# Is it a 3000 or 4000



## Bombard (Aug 19, 2021)

Hi all. Had a Ford tractor given to me. Told it was a Ford 3000. Found the ID codes under the starter. Top code reads D1414C. Serial number is C294678. It’s a 1971 for sure but D in the upper code says it’s a 4000. Called Stiener and the woman was a little confused with these codes. It’s a 3 cylinder diesel and it was used by the state for highway mowing.
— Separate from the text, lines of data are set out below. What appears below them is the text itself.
lemma fR_imp_const:
  assumes x: "x \<in> I \<rightarrow>\<^sub>E {0..1}" and r: "rat01 r"
  shows "p_imp (power_pav J) (pcst (power_pav J) r) (fR I J R x)
       = fR I J R (p_imp (power_pav I) (pcst (power_pav I) r) x)"
proof -
  let ?p = "real_of_rat r"
  have imp_const: "p_imp (power_pav K) (pcst (power_pav K) r) v = restrict (\<lambda>k. std_imp ?p (v k)) K"
    for K :: "'k set" and v
    by (simp add: p_imp_def mv_imp_def power_pav_def std_imp_def min.commute cong: restrict_cong)
  have "std_imp ?p (inf01 ((\<lambda>i. std_imp (R i j) (x i)) ` I))
      = inf01 ((\<lambda>i. std_imp (R i j) (restrict (\<lambda>i. std_imp ?p (x i)) I i)) ` I)" if j: "j \<in> J" for j
  proof -
    have "\<forall>i\<in>I. 0 \<le> std_imp (R i j) (x i) \<and> std_imp (R i j) (x i) \<le> 1"
      using R x j by (force simp: std_imp_def)
    moreover have "0 \<le> ?p" "?p \<le> 1" using r by (auto simp: rat01_def)
    ultimately have "std_imp ?p (inf01 ((\<lambda>i. std_imp (R i j) (x i)) ` I))
        = inf01 ((\<lambda>i. std_imp ?p (std_imp (R i j) (x i))) ` I)"
      by (rule inf01_imp_const[symmetric])
    also have "\<dots> = inf01 ((\<lambda>i. std_imp (R i j) (restrict (\<lambda>i. std_imp ?p (x i)) I i)) ` I)"
      using R j \<open>?p \<le> 1\<close> std_imp_swap by (intro arg_cong[where f = inf01] image_cong) auto
    finally show ?thesis .
  qed
  thus ?thesis unfolding imp_const by (auto simp: fR_def intro: restrict_ext)
qed
lemma shuffle_perm_transpose_gap:
  assumes "J \<subseteq> Xg g" "j \<notin> J" "Suc j \<in> J" "1 \<le> j"
  shows "shuffle_perm g J = transpose j (Suc j) \<circ> shuffle_perm g (insert j (J - {Suc j}))"
proof
  fix i
  have "insert j (J - {Suc j}) \<subseteq> Xg g" "Suc j \<le> g"
    using assms by (auto simp: Xg_def)
  then show "shuffle_perm g J i = (transpose j (Suc j) \<circ> shuffle_perm g (insert j (J - {Suc j}))) i"
    using shuffle_list_transpose_gap[OF assms] length_shuffle_list
    by (auto simp: shuffle_perm_def Xg_def transpose_def)
qed

lemma not_initial_segment_gap:
  assumes "finite J" "0 \<notin> J" "J \<noteq> {1..card J}"
  shows "\<exists>j\<ge>1. j \<notin> J \<and> Suc j \<in> J"
proof (rule ccontr)
  assume "\<not> ?thesis"
  then have closed: "j \<in> J" if "1 \<le> j" "Suc j \<in> J" for j
    using that by blast
  have "J \<noteq> {}" using assms(3) by auto
  then have max: "Max J \<in> J" using assms(1) by simp
  have down: "Max J - d \<in> J" if "1 \<le> Max J - d" for d
    using that
  proof (induction d)
    case (Suc d)
    then show ?case using closed[of "Max J - Suc d"] by (simp add: Suc_diff_Suc)
  qed (use max in simp)
  have "J = {1..Max J}"
  proof
    show "{1..Max J} \<subseteq> J"
    proof
      fix x assume "x \<in> {1..Max J}"
      then show "x \<in> J" using down[of "Max J - x"] by simp
    qed
    show "J \<subseteq> {1..Max J}"
      using assms(1,2) by (auto simp: Suc_le_eq) (metis neq0_conv)
  qed
  then show False using assms(3) by (metis card_atLeastAtMost diff_Suc_1)
qed

lemma sign_shuffle_perm:
  assumes "J \<subseteq> Xg g"
  shows "sign (shuffle_perm g J) = (-1::int) ^ (\<Sum>J + \<Sum>{1..card J})"
  using assms
proof (induction "\<Sum>J" arbitrary: J rule: less_induct)
  case less
  have fin: "finite J" using less.prems finite_subset by (auto simp: Xg_def)
  show ?case
  proof (cases "J = {1..card J}")
    case True
    have "card J \<le> g" using less.prems card_mono[of "Xg g" J] by (simp add: Xg_def)
    then have "shuffle_perm g J = id" using True shuffle_perm_initial_segment by metis
    with True show ?thesis by (simp flip: mult_2)
  next
    case False
    have "0 \<notin> J" using less.prems by (auto simp: Xg_def)
    then obtain j where j: "1 \<le> j" "j \<notin> J" "Suc j \<in> J"
      using not_initial_segment_gap[OF fin _ False] by blast
    define J' where "J' = insert j (J - {Suc j})"
    have J': "J' \<subseteq> Xg g" "card J' = card J" "\<Sum>J = Suc (\<Sum>J')"
      using less.prems fin j sum.remove[OF fin j(3), of id] card_gt_0_iff[of J]
      by (auto simp: J'_def Xg_def card_insert_if card_Suc_Diff1)
    have "sign (shuffle_perm g J) = sign (transpose j (Suc j)) * sign (shuffle_perm g J')"
      unfolding shuffle_perm_transpose_gap[OF less.prems j(2,3,1), folded J'_def]
      by (intro sign_compose permutation_swap_id permutes_imp_permutation[OF _ shuffle_perm_permutes[OF J'(1)]])
        (simp add: Xg_def)
    also have "\<dots> = - sign (shuffle_perm g J')" by (simp add: sign_swap_id)
    also have "\<dots> = (-1) ^ (\<Sum>J + \<Sum>{1..card J})"
      using less.hyps[of J'] J' by simp
    finally show ?thesis .
  qed
qed

lemma eps_mult_eps:
  assumes "I \<subseteq> Xg g" "J \<subseteq> Xg g" "card I = card J"
  shows "eps g I * eps g J = (-1) ^ (\<Sum>I + \<Sum>J)"
proof -
  have "eps g I * eps g J = (-1) ^ (\<Sum>I + \<Sum>J + 2 * \<Sum>{1..card J})"
    using assms by (simp add: eps_eq_sign_shuffle_perm sign_shuffle_perm power_add algebra_simps)
  then show ?thesis by (simp add: power_add power_mult)
qed

theorem lemma2p3:
  fixes g k :: nat and v :: "nat \<Rightarrow> nat \<Rightarrow> complex"
  assumes "1 \<le> k" and "k < g"
  shows "\<forall>I\<in>Pk (g - k) (Xg g). \<forall>J\<in>Pk (g - k) (Xg g).
           star_prod g (\<lambda>i a b. v i a * v i b) k I J
             = inverse (of_nat (fact k)) * wvec g v k I * wvec g v k J"
proof (intro ballI)
  fix I J assume "I \<in> Pk (g - k) (Xg g)" "J \<in> Pk (g - k) (Xg g)"
  then have sub: "I \<subseteq> Xg g" "J \<subseteq> Xg g" and card: "card I = g - k" "card J = g - k"
    by (auto simp: Pk_def)
  have "card (Xg g - I) = Suc (k - 1)" "card (Xg g - J) = Suc (k - 1)"
    using sub card assms by (simp_all add: Xg_def card_Diff_subset finite_subset)
  from iter_sqcap_rank_one[OF this, of v v] assms
  have rank_one: "iter_sqcap (\<lambda>i a b. v i a * v i b) k (Xg g - I) (Xg g - J)
      = inverse (of_nat (fact k)) * det (subA v k (Xg g - I)) * det (subA v k (Xg g - J))"
    by simp
  have "of_int (eps g I * eps g J) = (of_int ((-1) ^ (\<Sum>I + \<Sum>J)) :: complex)"
    using eps_mult_eps[OF sub] card by simp
  then show "star_prod g (\<lambda>i a b. v i a * v i b) k I J
      = inverse (of_nat (fact k)) * wvec g v k I * wvec g v k J"
    unfolding star_prod_def wvec_def rank_one by (simp add: algebra_simps)
qed

end
lemma exists_near_extremal_tuple:
  assumes F: "F \<subseteq> cball 0 1" "F \<noteq> {}" and N: "N \<ge> 2" and d: "nth_diam F N > 0"
  defines "D \<equiv> nth_diam F N powr (1 / diam_exp N)"
  shows "\<And>y. y \<in> tuples F N \<Longrightarrow> vandermonde_abs N y \<le> D"
    and "\<exists>y\<in>tuples F N. D / 2 < vandermonde_abs N y"
proof -
  have e: "diam_exp N > 0" unfolding diam_exp_def using N by simp
  show "vandermonde_abs N y \<le> D" if "y \<in> tuples F N" for y
    unfolding D_def using vandermonde_abs_powr_le_nth_diam[OF F(1) that] e
    by (intro powr_le_imp_le_powr_inverse vandermonde_abs_nonneg)
  have "D > 0" unfolding D_def using d by simp
  hence "(D / 2) powr diam_exp N < D powr diam_exp N" using e by (intro powr_less_mono2) auto
  also have "D powr diam_exp N = nth_diam F N" unfolding D_def using d e by (simp add: powr_powr)
  finally obtain y where y: "y \<in> tuples F N"
    and "(D / 2) powr diam_exp N < vandermonde_abs N y powr diam_exp N"
    using less_cSUP_iff[OF tuples_nonempty[OF F(2)] bdd_above_vandermonde_abs_powr[OF F(1)]]
    unfolding nth_diam_eq_SUP by blast
  hence "D / 2 < vandermonde_abs N y"
    using e vandermonde_abs_nonneg[of N y] by (meson linorder_not_le powr_mono2 less_imp_le)
  thus "\<exists>y\<in>tuples F N. D / 2 < vandermonde_abs N y" using y by blast
qed

lemma le_power_if_power_le_sq:
  fixes r V d :: real
  assumes d: "0 < d" and V: "0 \<le> V" "V \<le> d powr (1 / diam_exp (Suc n))"
    and r: "r ^ Suc n \<le> V\<^sup>2"
  shows "r \<le> d ^ n"
proof -
  have "(d powr (1 / diam_exp (Suc n)))\<^sup>2 = d powr (2 / diam_exp (Suc n))"
    using d by (simp add: powr_realpow[symmetric] powr_powr)
  also have "2 / diam_exp (Suc n) = real (Suc n * n)" unfolding diam_exp_def by (simp add: algebra_simps)
  also have "d powr real (Suc n * n) = d ^ (Suc n * n)" by (rule powr_realpow[OF d])
  also have "\<dots> = (d ^ n) ^ Suc n" by (simp only: mult.commute[of "Suc n" n] power_mult)
  finally have "V\<^sup>2 \<le> (d ^ n) ^ Suc n" using V by (metis power_mono)
  with r have "r ^ Suc n \<le> (d ^ n) ^ Suc n" by (rule order_trans)
  thus ?thesis by (rule power_le_imp_le_base) (use d in simp)
qed

text \<open>If \<open>y\<close> is within a factor \<open>2\<close> of the maximal Vandermonde product, moving its point \<open>y\<^sub>k\<close>
  to any \<open>w \<in> F\<close> multiplies the product by less than \<open>2\<close>; only the row of \<open>k\<close> changes.\<close>
lemma row_prod_upd_less:
  assumes upper: "\<And>y. y \<in> tuples F N \<Longrightarrow> vandermonde_abs N y \<le> D"
    and y: "y \<in> tuples F N" and large: "D / 2 < vandermonde_abs N y" and k: "k < N" and w: "w \<in> F"
  shows "row_prod N (y(k := w)) k < 2 * row_prod N y k"
proof -
  have "vandermonde_abs N y > 0" using large upper[OF y] by simp
  hence off_pos: "vandermonde_abs_off N y k > 0"
    using vandermonde_abs_off_nonneg[of N y k] unfolding vandermonde_abs_split[OF k]
    by (cases "vandermonde_abs_off N y k = 0") simp_all
  have "row_prod N (y(k := w)) k * vandermonde_abs_off N y k \<le> D"
    using upper[of "y(k := w)"] y w unfolding vandermonde_abs_split[OF k] vandermonde_abs_off_upd
    by (simp add: tuples_def)
  hence "row_prod N (y(k := w)) k * vandermonde_abs_off N y k
      < (2 * row_prod N y k) * vandermonde_abs_off N y k"
    using large unfolding vandermonde_abs_split[OF k] by simp
  thus ?thesis using off_pos by simp
qed

text \<open>Take \<open>n + 1\<close> points \<open>y\<close> with nearly maximal Vandermonde product and drop a point \<open>y\<^sub>k\<close> of
  minimal row product; that row product is at most \<open>d\<^sup>n\<close> with \<open>d = nth_diam F (n + 1)\<close>.\<close>
lemma fekete_points_bound:
  assumes F: "F \<subseteq> cball 0 1" "F \<noteq> {}" and n: "n \<ge> 1" and pos: "nth_diam F (Suc n) > 0"
  shows "\<exists>z. (\<forall>i<n. z i \<in> F) \<and>
           (\<forall>w\<in>F. (\<Prod>i<n. cmod (w - z i)) \<le> 2 * nth_diam F (Suc n) ^ n)"
proof -
  define d where "d = nth_diam F (Suc n)"
  define D where "D = d powr (1 / diam_exp (Suc n))"
  have N: "Suc n \<ge> 2" using n by simp
  note upper = exists_near_extremal_tuple(1)[OF F N pos, folded d_def, folded D_def]
  obtain y where y: "y \<in> tuples F (Suc n)" and large: "D / 2 < vandermonde_abs (Suc n) y"
    using exists_near_extremal_tuple(2)[OF F N pos, folded d_def, folded D_def] by blast
  obtain k where k: "k < Suc n"
    and k_le: "row_prod (Suc n) y k ^ Suc n \<le> (vandermonde_abs (Suc n) y)\<^sup>2"
    using exists_row_prod_le[of "Suc n" y] by auto
  have row_le: "row_prod (Suc n) y k \<le> d ^ n"
    using pos[folded d_def] vandermonde_abs_nonneg upper[OF y, unfolded D_def] k_le
    by (rule le_power_if_power_le_sq)
  define z where "z = y \<circ> skip k"
  have "\<forall>i<n. z i \<in> F" using skip_tuples[OF y k] unfolding z_def tuples_def by auto
  moreover have "(\<Prod>i<n. cmod (w - z i)) \<le> 2 * d ^ n" if w: "w \<in> F" for w
  proof -
    have "(\<Prod>i<n. cmod (w - z i)) = row_prod (Suc n) (y(k := w)) k"
      unfolding row_prod_upd z_def using prod.reindex_bij_betw[OF bij_betw_skip[OF k]] by simp
    thus ?thesis using row_prod_upd_less[OF upper y large k w] row_le by simp
  qed
  ultimately show ?thesis unfolding d_def by blast
qed
(* If $n>k\ge 3$, then $\mathrm{isat}(n,\mathcal{A}_{k+1})\ge 3n-1$.
   Context: $\mathcal{B}_n$ denotes the Boolean lattice $(2^{[n]},\subseteq)$. A family $\mathcal{F}\subseteq 2^{[n]}$ (ordered by inclusion) is induced-$\mathcal{P}$-saturated if it contains no induced copy of $\mathcal{P}$ (an injection $f$ with $u\le v\iff f(u)\subseteq f(v)$) but every family $\mathcal{F}'$ with $\mathcal{F}\subsetneq\mathcal{F}'\subseteq 2^{[n]}$ contains one. $\mathrm{isat}(n,\mathcal{P})$ is the minimum size of such a family. $\mathcal{A}_{m}$ is the $m$-element antichain. *)

theory Defs
  imports Main
begin

text \<open>The Boolean lattice B_n is the power set of the ground set [n], here {..<n}.
  The m-element antichain A_m is modelled as the poset on {..<m} in which
  u \<le> v holds iff u = v.\<close>

definition boolean_lattice :: "nat \<Rightarrow> nat set set" where
  "boolean_lattice n = Pow {..<n}"

definition contains_induced_antichain :: "nat \<Rightarrow> nat set set \<Rightarrow> bool" where
  "contains_induced_antichain m F \<longleftrightarrow>
     (\<exists>f. f ` {..<m} \<subseteq> F \<and> inj_on f {..<m} \<and>
          (\<forall>u\<in>{..<m}. \<forall>v\<in>{..<m}. u = v \<longleftrightarrow> f u \<subseteq> f v))"

definition induced_antichain_saturated :: "nat \<Rightarrow> nat \<Rightarrow> nat set set \<Rightarrow> bool" where
  "induced_antichain_saturated n m F \<longleftrightarrow>
     F \<subseteq> boolean_lattice n \<and> \<not> contains_induced_antichain m F \<and>
     (\<forall>F'. F \<subset> F' \<and> F' \<subseteq> boolean_lattice n \<longrightarrow> contains_induced_antichain m F')"

definition isat_antichain :: "nat \<Rightarrow> nat \<Rightarrow> nat" where
  "isat_antichain n m = Min (card ` {F. induced_antichain_saturated n m F})"

end

theory Submission
  imports Defs
begin

text \<open>
  Let F be an induced-A_(k+1)-saturated family in B_n. By Dilworth's theorem F is covered by k
  chains, and saturation says that every set outside F is incomparable to all members of some
  k-antichain of F, which meets every chain of the cover. So if a chain of the cover has no
  member of size i, then all i-sets between its last member P below level i and its first
  member Q above level i belong to F. Were level i of F of size at most two, one of the k >= 3
  chains would miss it, forcing Q = P + {x, y} and level i = {P + x, P + y}. Moving P + x into
  that chain frees the colour of P + x at level i, and the same argument then puts P (or Q, if P
  is empty) into a second chain, a contradiction. Hence every level 0 < i < n has at least three
  sets, and with the empty set and [n] this gives |F| >= 3(n - 1) + 2.
\<close>

section \<open>Chain colourings and Dilworth's theorem\<close>

definition antichain :: "'a::order set \<Rightarrow> bool" where
  "antichain A \<longleftrightarrow> (\<forall>x\<in>A. \<forall>y\<in>A. x \<le> y \<longrightarrow> x = y)"

definition chain_colouring :: "nat \<Rightarrow> 'a::order set \<Rightarrow> ('a \<Rightarrow> nat) \<Rightarrow> bool" where
  "chain_colouring k F c \<longleftrightarrow>
     (\<forall>x\<in>F. c x < k) \<and> (\<forall>x\<in>F. \<forall>y\<in>F. c x = c y \<longrightarrow> x \<le> y \<or> y \<le> x)"

lemma antichain_subset: "antichain A \<Longrightarrow> B \<subseteq> A \<Longrightarrow> antichain B"
  unfolding antichain_def by blast

lemma finite_chain_has_greatest:
  fixes M :: "'a::order set"
  assumes "finite M" "M \<noteq> {}" "\<forall>x\<in>M. \<forall>y\<in>M. x \<le> y \<or> y \<le> x"
  obtains m where "m \<in> M" "\<forall>x\<in>M. x \<le> m"
  using finite_has_maximal[OF assms(1,2)] assms(3) by metis

lemma finite_chain_has_least:
  fixes M :: "'a::order set"
  assumes "finite M" "M \<noteq> {}" "\<forall>x\<in>M. \<forall>y\<in>M. x \<le> y \<or> y \<le> x"
  obtains m where "m \<in> M" "\<forall>x\<in>M. m \<le> x"
  using finite_has_minimal[OF assms(1,2)] assms(3) by metis

lemma antichain_meets_every_colour:
  assumes c: "chain_colouring k F c" and A: "A \<subseteq> F" "antichain A" "card A = k" and t: "t < k"
  obtains y where "y \<in> A" "c y = t"
proof -
  have "inj_on c A"
    using c A(1,2) unfolding chain_colouring_def antichain_def inj_on_def by blast
  then have "card (c ` A) = card {..<k}"
    using A(3) by (simp add: card_image)
  moreover have "c ` A \<subseteq> {..<k}"
    using c A(1) unfolding chain_colouring_def by auto
  ultimately have "c ` A = {..<k}"
    by (simp add: card_subset_eq)
  then show thesis
    using that t by (metis imageE lessThan_iff)
qed

lemma colour_missing_from_small_set:
  assumes c: "chain_colouring k F c" and L: "L \<subseteq> F" "finite L" "card L < k"
  obtains t where "t < k" "\<forall>x\<in>L. c x \<noteq> t"
proof -
  have "card (c ` L) < card {..<k}"
    using card_image_le[OF L(2), of c] L(3) by simp
  then have "c ` L \<noteq> {..<k}"
    by auto
  moreover have "c ` L \<subseteq> {..<k}"
    using c L(1) unfolding chain_colouring_def by auto
  ultimately obtain t where "t < k" "t \<notin> c ` L"
    by blast
  then show thesis
    using that by blast
qed

lemma chain_colouring_card_eq_imp_eq:
  assumes c: "chain_colouring k F c" and "X \<in> F" "Y \<in> F" "finite X" "finite Y"
    and "c X = c Y" "card X = card Y"
  shows "X = Y"
proof -
  have "X \<subseteq> Y \<or> Y \<subseteq> X"
    using c assms(2,3,6) unfolding chain_colouring_def by blast
  then show ?thesis
    using assms(4,5,7) by (metis card_subset_eq)
qed

lemma chain_colouring_update:
  assumes c: "chain_colouring k F c" and t: "t < k"
    and comparable: "\<forall>X\<in>F. c X = t \<longrightarrow> X \<le> S \<or> S \<le> X"
  shows "chain_colouring k F (c(S := t))"
  unfolding chain_colouring_def
proof (intro conjI ballI impI)
  fix X assume "X \<in> F"
  then show "(c(S := t)) X < k"
    using c t unfolding chain_colouring_def by simp
next
  fix X Y assume XY: "X \<in> F" "Y \<in> F" "(c(S := t)) X = (c(S := t)) Y"
  consider "X = S" | "Y = S" | "X \<noteq> S" "Y \<noteq> S"
    by blast
  then show "X \<le> Y \<or> Y \<le> X"
  proof cases
    case 1
    then show ?thesis
      using XY comparable by (cases "Y = S") auto
  next
    case 2
    then show ?thesis
      using XY comparable by (cases "X = S") auto
  next
    case 3
    then show ?thesis
      using XY c unfolding chain_colouring_def by auto
  qed
qed

lemma recoloured_colour_skips_level:
  assumes c: "chain_colouring k F c" and fin: "\<forall>X\<in>F. finite X" and S: "S \<in> F" and "t \<noteq> c S"
  shows "\<forall>X\<in>F. (c(S := t)) X = c S \<longrightarrow> card X \<noteq> card S"
proof (intro ballI impI notI)
  fix X assume X: "X \<in> F" "(c(S := t)) X = c S" "card X = card S"
  then have "X \<noteq> S"
    using \<open>t \<noteq> c S\<close> by auto
  then have "c X = c S"
    using X(2) by simp
  then have "X = S"
    using chain_colouring_card_eq_imp_eq[OF c X(1) S] fin X(1,3) S by blast
  then show False
    using \<open>X \<noteq> S\<close> by blast
qed

lemma chain_colouring_add_chain:
  assumes "chain_colouring (k - 1) (F - K) d" "\<forall>x\<in>K. \<forall>y\<in>K. x \<le> y \<or> y \<le> x" "0 < k"
  shows "chain_colouring k F (\<lambda>x. if x \<in> K then k - 1 else d x)"
proof -
  have d: "\<forall>x\<in>F - K. d x < k - 1" "\<forall>x\<in>F - K. \<forall>y\<in>F - K. d x = d y \<longrightarrow> x \<le> y \<or> y \<le> x"
    using assms(1) unfolding chain_colouring_def by auto
  show ?thesis
    unfolding chain_colouring_def
  proof (intro conjI ballI impI)
    fix x assume "x \<in> F"
    then show "(if x \<in> K then k - 1 else d x) < k"
      using d(1) \<open>0 < k\<close> by (cases "x \<in> K") force+
  next
    fix x y assume "x \<in> F" "y \<in> F" "(if x \<in> K then k - 1 else d x) = (if y \<in> K then k - 1 else d y)"
    then show "x \<le> y \<or> y \<le> x"
      using d assms(2) by (auto split: if_splits) (metis DiffI less_irrefl)+
  qed
qed

lemma greatest_elements_of_maximum_antichains:
  fixes F :: "'a::order set"
  assumes "finite F" and c: "chain_colouring k F c"
    and A0: "A0 \<subseteq> F" "antichain A0" "card A0 = k"
  defines "G \<equiv> {x\<in>F. \<exists>A\<subseteq>F. antichain A \<and> card A = k \<and> x \<in> A}"
  obtains peak where "\<forall>t<k. peak t \<in> G \<and> c (peak t) = t"
    and "\<forall>y\<in>G. y \<le> peak (c y)"
    and "\<forall>s<k. \<forall>t<k. peak s \<le> peak t \<longrightarrow> s = t"
proof -
  have "\<exists>m. m \<in> G \<and> c m = t \<and> (\<forall>y\<in>G. c y = t \<longrightarrow> y \<le> m)" if "t < k" for t
  proof -
    let ?M = "{y\<in>G. c y = t}"
    obtain y where "y \<in> A0" "c y = t"
      using antichain_meets_every_colour[OF c A0 \<open>t < k\<close>] .
    then have "?M \<noteq> {}"
      using A0 unfolding G_def by blast
    moreover have "finite ?M" "\<forall>x\<in>?M. \<forall>y\<in>?M. x \<le> y \<or> y \<le> x"
      using \<open>finite F\<close> c unfolding G_def chain_colouring_def by auto
    ultimately obtain m where "m \<in> ?M" "\<forall>y\<in>?M. y \<le> m"
      using finite_chain_has_greatest[of ?M] by blast
    then show ?thesis
      by blast
  qed
  then obtain peak where peak: "\<And>t. t < k \<Longrightarrow> peak t \<in> G \<and> c (peak t) = t \<and> (\<forall>y\<in>G. c y = t \<longrightarrow> y \<le> peak t)"
    by (metis (no_types))
  have peaks: "\<forall>t<k. peak t \<in> G \<and> c (peak t) = t"
    using peak by blast
  have injective: "s = t" if st: "s < k" "t < k" "peak s \<le> peak t" for s t
  proof -
    obtain B where B: "B \<subseteq> F" "antichain B" "card B = k" "peak t \<in> B"
      using peak[OF \<open>t < k\<close>] unfolding G_def by blast
    obtain y where y: "y \<in> B" "c y = s"
      using antichain_meets_every_colour[OF c B(1-3) \<open>s < k\<close>] .
    have "y \<in> G"
      using B y(1) unfolding G_def by blast
    then have "y \<le> peak t"
      using peak[OF \<open>s < k\<close>] y(2) st(3) by force
    then have "y = peak t"
      using B(2,4) y(1) unfolding antichain_def by blast
    then show "s = t"
      using y(2) peak[OF \<open>t < k\<close>] by simp
  qed
  have greatest: "y \<le> peak (c y)" if "y \<in> G" for y
  proof -
    have "c y < k"
      using that c unfolding G_def chain_colouring_def by blast
    then show ?thesis
      using peak that by blast
  qed
  show thesis
    using that peaks greatest injective by blast
qed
Could the state have ordered a tractor with a 4000 rear end and a 3000 front end?


----------



## sixbales (May 18, 2011)

Good Morning Bombard. 
Your tractor is a Ford 4000SU - Special Utility - Used the engine from a Ford 4000 (201 Cubic Inches, ~ 55hp) fit into a smaller chassis using components from a Ford 3000. 





__





TractorData.com Ford 4000SU tractor information







www.tractordata.com





You model numbers translate as follows:
Tractor Model = D14 = Ford 4000SU tractor
Engine = 1 = Diesel
PTO = 4 = Independent PTO, 540 rpm
Transmission = C = 8x2 speed manual Trans. (4X1 + hi/lo)


----------



## Bombard (Aug 19, 2021)

Thank you pogobill and sixbales. This helps although now a bit confused. Not sure what decal it deserves. It was a gift from my sister Inlaw. It was my brother in laws but he passes. Started a full restoration and has decals for a 3000.


----------



## sixbales (May 18, 2011)

You can get Ford decals from the George Bradish Tractor Parts website. Your decision, but it's really a 4000SU. It's a fine tractor whichever way you decide to go...


----------